> _WHAT THE TASK REQUIRES_: Nothing but the exact lines from the one containing "theory Defs" through the last line of the records below belongs in your answer.

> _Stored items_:
+-------+

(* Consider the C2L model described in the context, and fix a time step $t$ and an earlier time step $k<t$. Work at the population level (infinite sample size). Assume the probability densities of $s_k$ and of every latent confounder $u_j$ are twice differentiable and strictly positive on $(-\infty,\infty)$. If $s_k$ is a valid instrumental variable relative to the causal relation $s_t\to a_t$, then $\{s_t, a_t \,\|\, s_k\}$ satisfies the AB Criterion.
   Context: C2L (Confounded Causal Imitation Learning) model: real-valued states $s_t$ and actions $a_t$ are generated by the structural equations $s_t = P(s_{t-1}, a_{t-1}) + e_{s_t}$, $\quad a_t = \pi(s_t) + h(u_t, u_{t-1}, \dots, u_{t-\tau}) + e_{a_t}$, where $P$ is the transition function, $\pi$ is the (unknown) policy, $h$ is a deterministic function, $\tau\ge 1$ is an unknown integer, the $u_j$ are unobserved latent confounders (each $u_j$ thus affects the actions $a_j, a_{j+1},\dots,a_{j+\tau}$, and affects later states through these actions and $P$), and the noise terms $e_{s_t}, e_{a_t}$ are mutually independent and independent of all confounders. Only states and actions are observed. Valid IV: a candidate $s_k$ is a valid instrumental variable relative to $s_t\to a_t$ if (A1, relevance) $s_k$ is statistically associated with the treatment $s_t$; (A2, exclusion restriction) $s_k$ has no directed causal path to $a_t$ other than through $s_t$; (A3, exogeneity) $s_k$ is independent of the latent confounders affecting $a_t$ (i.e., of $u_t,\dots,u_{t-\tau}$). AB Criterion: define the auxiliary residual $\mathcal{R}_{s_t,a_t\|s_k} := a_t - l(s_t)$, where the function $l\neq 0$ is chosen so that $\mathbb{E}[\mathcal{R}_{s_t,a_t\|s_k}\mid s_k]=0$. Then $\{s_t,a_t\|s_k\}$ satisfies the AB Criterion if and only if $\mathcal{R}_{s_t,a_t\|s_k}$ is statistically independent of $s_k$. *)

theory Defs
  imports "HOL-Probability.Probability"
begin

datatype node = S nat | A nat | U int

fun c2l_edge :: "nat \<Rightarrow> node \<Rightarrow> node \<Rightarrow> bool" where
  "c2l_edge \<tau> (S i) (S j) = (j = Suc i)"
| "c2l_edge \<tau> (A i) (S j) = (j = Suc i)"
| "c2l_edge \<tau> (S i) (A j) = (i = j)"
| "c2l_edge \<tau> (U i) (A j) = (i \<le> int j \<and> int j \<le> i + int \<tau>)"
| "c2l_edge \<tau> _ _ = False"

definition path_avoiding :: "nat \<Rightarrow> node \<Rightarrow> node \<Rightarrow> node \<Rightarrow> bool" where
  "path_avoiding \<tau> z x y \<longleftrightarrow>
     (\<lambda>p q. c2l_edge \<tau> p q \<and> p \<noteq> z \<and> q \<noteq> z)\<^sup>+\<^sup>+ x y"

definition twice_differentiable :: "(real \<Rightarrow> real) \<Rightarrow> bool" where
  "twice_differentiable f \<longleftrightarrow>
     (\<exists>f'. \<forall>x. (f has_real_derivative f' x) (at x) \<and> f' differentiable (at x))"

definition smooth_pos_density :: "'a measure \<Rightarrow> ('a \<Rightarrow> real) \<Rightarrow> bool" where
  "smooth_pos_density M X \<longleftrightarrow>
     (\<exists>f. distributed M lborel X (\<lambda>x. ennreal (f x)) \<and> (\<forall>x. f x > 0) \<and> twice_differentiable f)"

+-------+

> _RESULT OF THIS TASK_:
theory Defs
  imports "HOL-Probability.Probability"
begin

datatype node = S nat | A nat | U int

fun c2l_edge :: "nat \<Rightarrow> node \<Rightarrow> node \<Rightarrow> bool" where
  "c2l_edge \<tau> (S i) (S j) = (j = Suc i)"
| "c2l_edge \<tau> (A i) (S j) = (j = Suc i)"
| "c2l_edge \<tau> (S i) (A j) = (i = j)"
| "c2l_edge \<tau> (U i) (A j) = (i \<le> int j \<and> int j \<le> i + int \<tau>)"
| "c2l_edge \<tau> _ _ = False"

definition path_avoiding :: "nat \<Rightarrow> node \<Rightarrow> node \<Rightarrow> node \<Rightarrow> bool" where
  "path_avoiding \<tau> z x y \<longleftrightarrow>
     (\<lambda>p q. c2l_edge \<tau> p q \<and> p \<noteq> z \<and> q \<noteq> z)\<^sup>+\<^sup>+ x y"

definition twice_differentiable :: "(real \<Rightarrow> real) \<Rightarrow> bool" where
  "twice_differentiable f \<longleftrightarrow>
     (\<exists>f'. \<forall>x. (f has_real_derivative f' x) (at x) \<and> f' differentiable (at x))"

definition smooth_pos_density :: "'a measure \<Rightarrow> ('a \<Rightarrow> real) \<Rightarrow> bool" where
  "smooth_pos_density M X \<longleftrightarrow>
     (\<exists>f. distributed M lborel X (\<lambda>x. ennreal (f x)) \<and> (\<forall>x. f x > 0) \<and> twice_differentiable f)"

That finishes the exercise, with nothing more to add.